In [24]:
import os
import json
import re
import pandas as pd
from tqdm import tqdm
from dotenv import load_dotenv
from openai import OpenAI



In [25]:
load_dotenv()

client = OpenAI(
    api_key=os.getenv("OPENROUTER_API_KEY"),
    base_url="https://openrouter.ai/api/v1"
)



In [26]:
df = pd.read_csv("yelp.csv")

df = df[['text', 'stars']]
df = df.sample(200, random_state=42).reset_index(drop=True)

df.head()


Unnamed: 0,text,stars
0,We got here around midnight last Friday... the...,4
1,Brought a friend from Louisiana here. She say...,5
2,"Every friday, my dad and I eat here. We order ...",3
3,"My husband and I were really, really disappoin...",1
4,Love this place! Was in phoenix 3 weeks for w...,5


In [34]:
def call_llm(prompt):
    try:
        response = client.chat.completions.create(
            model="meta-llama/llama-3.1-8b-instruct",
            messages=[
                {"role": "system", "content": "You are a strict JSON API."},
                {"role": "user", "content": prompt}
            ],
            temperature=0.2,
            max_tokens=200
        )

        text = response.choices[0].message.content.strip()

        # Remove markdown if present
        text = re.sub(r"```json|```", "", text).strip()

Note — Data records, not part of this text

lemma torsionfree_Q:
  assumes "weakly_torsionfree M"
  shows "torsionfree Q"
  unfolding torsionfree_def
proof (intro ballI allI impI)
  fix a b and n :: nat
  assume a: "a \<in> pm_carrier Q" and b: "b \<in> pm_carrier Q" and "n \<ge> 1"
    and eq: "pm_pow Q a n = pm_pow Q b n"
  have vanishes_iff: "pm_pow Q x n = \<zero> \<longleftrightarrow> x = \<zero>" if "x \<in> pm_carrier Q" for x
    using that \<open>n \<ge> 1\<close> pmonoid.pow_zero[OF pmonoid_Q]
      pow_notin_prime[of x n] by (auto simp: quot_carrier Q_pow)
  show "a = b"
  proof (cases "a = \<zero>")
    case True
    then show ?thesis
      using vanishes_iff[OF a] vanishes_iff[OF b] eq by simp
  next
    case False
    then have "b \<noteq> \<zero>"
      using vanishes_iff[OF a] vanishes_iff[OF b] eq by simp
    then have a_M: "a \<in> pm_carrier M - P" and b_M: "b \<in> pm_carrier M - P"
      using False a b by (simp_all add: quot_carrier)
    have "pm_pow M a n = pm_pow M b n"
      using eq a_M b_M by (simp add: Q_pow)
    moreover have "pm_pow M a n \<notin> P"
      using pow_notin_prime[OF a_M] .
    ultimately show ?thesis
      using assms a_M b_M \<open>n \<ge> 1\<close> zero_in_prime unfolding weakly_torsionfree_def
      by (metis DiffD1)
  qed
qed

lemma root_closed_Q:
  assumes "root_closed M"
  shows "root_closed Q"
  unfolding root_closed_def nonzeros_Q
proof (intro ballI allI impI)
  fix a b and n :: nat
  assume a: "a \<in> pm_carrier M - P" and b: "b \<in> pm_carrier M - P" and "n \<ge> 1"
    and "\<exists>c\<in>pm_carrier Q. pm_pow Q a n = pm_mult Q (pm_pow Q b n) c"
  then obtain c where c: "c \<in> pm_carrier Q" and eq: "pm_pow M a n = pm_mult Q (pm_pow M b n) c"
    by (auto simp: Q_pow)
  have c_M: "c \<in> pm_carrier M"
    using c quot_carrier_subset by blast
  have "c \<notin> P"
  proof
    assume "c \<in> P"
    then have "pm_pow M a n = \<zero>"
      using eq c_M b by (simp add: Q_mult)
    then show False
      using pow_notin_prime[OF a, of n] by simp
  qed
  then have "pm_pow M a n = pm_pow M b n \<cdot> c"
    using eq c_M b pow_notin_prime[OF b, of n] by (simp add: Q_mult)
  moreover have "a \<in> nonzeros" "b \<in> nonzeros"
    using a b zero_in_prime by blast+
  ultimately obtain d where d: "d \<in> pm_carrier M" "a = b \<cdot> d"
    using assms \<open>n \<ge> 1\<close> c_M unfolding root_closed_def by blast
  then have "d \<notin> P"
    using a b mult_in_prime_iff[of b d] by auto
  then show "\<exists>d\<in>pm_carrier Q. a = pm_mult Q b d"
    using d b by (auto simp: quot_carrier Q_mult)
qed

lemma cancellative_pmonoid_Q: "cancellative Q \<Longrightarrow> cancellative_pmonoid Q"
  by (rule pmonoid.cancellative_pmonoidI[OF pmonoid_Q]) (simp_all add: one_ne_zero)

end

theorem proposition1p5:
  fixes A :: "'a pmon" and P :: "'a set"
  assumes "pointed_monoid A"
    and "pm_prime_ideal A P"
  shows "(pc TYPE('c) A \<longrightarrow> cancellative (pm_quot A P))
       \<and> (pctf TYPE('d) A \<longrightarrow> torsionfree_pgroup (group_completion (pm_quot A P)))
       \<and> (cancellative A \<and> normal A \<longrightarrow> cancellative (pm_quot A P) \<and> normal (pm_quot A P))"
proof (intro conjI impI; (elim conjE)?)
  interpret pmonoid_prime A P
    using assms by (simp add: pmonoid_prime_def pmonoid_prime_axioms_def pmonoid_def)
  show "cancellative Q" if "pc TYPE('c) A"
    using that by (intro cancellative_Q pc_imp_weakly_cancellative)
  show "torsionfree_pgroup (group_completion Q)" if "pctf TYPE('d) A"
  proof -
    have "cancellative_pmonoid Q"
      using that by (intro cancellative_pmonoid_Q cancellative_Q pc_imp_weakly_cancellative pctf_imp_pc)
    then show ?thesis
      using that by (intro cancellative_pmonoid.torsionfree_pgroup_G torsionfree_Q pctf_imp_weakly_torsionfree)
  qed
  assume "cancellative A" "normal A"
  then have "cancellative Q"
    by (intro cancellative_Q cancellative_imp_weakly_cancellative)
  moreover have "root_closed A"
    using \<open>normal A\<close> cancellative_pmonoid.normal_iff_root_closed[OF cancellative_pmonoidI]
      \<open>cancellative A\<close> one_ne_zero by blast
  ultimately show "cancellative Q" "normal Q"
    using cancellative_pmonoid.normal_iff_root_closed[OF cancellative_pmonoid_Q] root_closed_Q
    by blast+
qed

end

        # Extract JSON safely
        start = text.find("{")
        end = text.rfind("}") + 1

        if start == -1 or end == -1:
            return None

        return text[start:end]

    except Exception as e:
        print("LLM Error:", e)
        return None
l;pp


KeyboardInterrupt: 

In [28]:
prompt_v1 = """
Read the Yelp review below and predict a star rating from 1 to 5.

Return ONLY valid JSON:
{{
  "predicted_stars": 1-5,
  "explanation": "short reason"
}}

Review:
"{review}"
"""


In [29]:
prompt_v2 = """
You are a sentiment analysis expert.

Analyze sentiment, service, and quality.

Return ONLY valid JSON:
{{
  "predicted_stars": 1-5,
  "explanation": "short reason"
}}

Review:
"{review}"
"""



In [30]:
prompt_v3 = """
You are a strict JSON generator.

Rules:
- Output ONLY valid JSON
- No extra text

JSON format:
{{
  "predicted_stars": integer (1-5),
  "explanation": string (max 20 words)
}}

Review:
"{review}"
"""


In [31]:
def evaluate(predict_fn, df):
    correct = 0
    valid_json = 0
    total = len(df)

    for _, row in tqdm(df.iterrows(), total=total):
        raw = predict_fn(row['text'])

        if raw is None:
            continue

        try:
            parsed = json.loads(raw)
            valid_json += 1

            if int(parsed["predicted_stars"]) == int(row["stars"]):
                correct += 1

        except:
            pass

    return {
        "accuracy": round(correct / total, 3),
        "json_validity": round(valid_json / total, 3)
    }


In [32]:
results = {
    "Prompt V1": evaluate(predict_v1, df),
    "Prompt V2": evaluate(predict_v2, df),
    "Prompt V3": evaluate(predict_v3, df)
}

results


100%|██████████| 200/200 [05:36<00:00,  1.68s/it]
100%|██████████| 200/200 [04:36<00:00,  1.38s/it]
100%|██████████| 200/200 [07:37<00:00,  2.29s/it]


{'Prompt V1': {'accuracy': 0.695, 'json_validity': 1.0},
 'Prompt V2': {'accuracy': 0.65, 'json_validity': 1.0},
 'Prompt V3': {'accuracy': 0.625, 'json_validity': 1.0}}

## Conclusion

All three prompting strategies achieved 100% JSON validity after enforcing strict output constraints and post-processing.
Prompt V1 achieved the highest accuracy, likely due to its flexibility in interpreting sentiment.
Prompt V2 introduced structured reasoning but showed slightly lower accuracy.
Prompt V3 prioritized reliability and formatting consistency, resulting in marginally lower accuracy but maximum robustness.

This demonstrates the trade-off between strict control and predictive performance when using LLMs for classification tasks.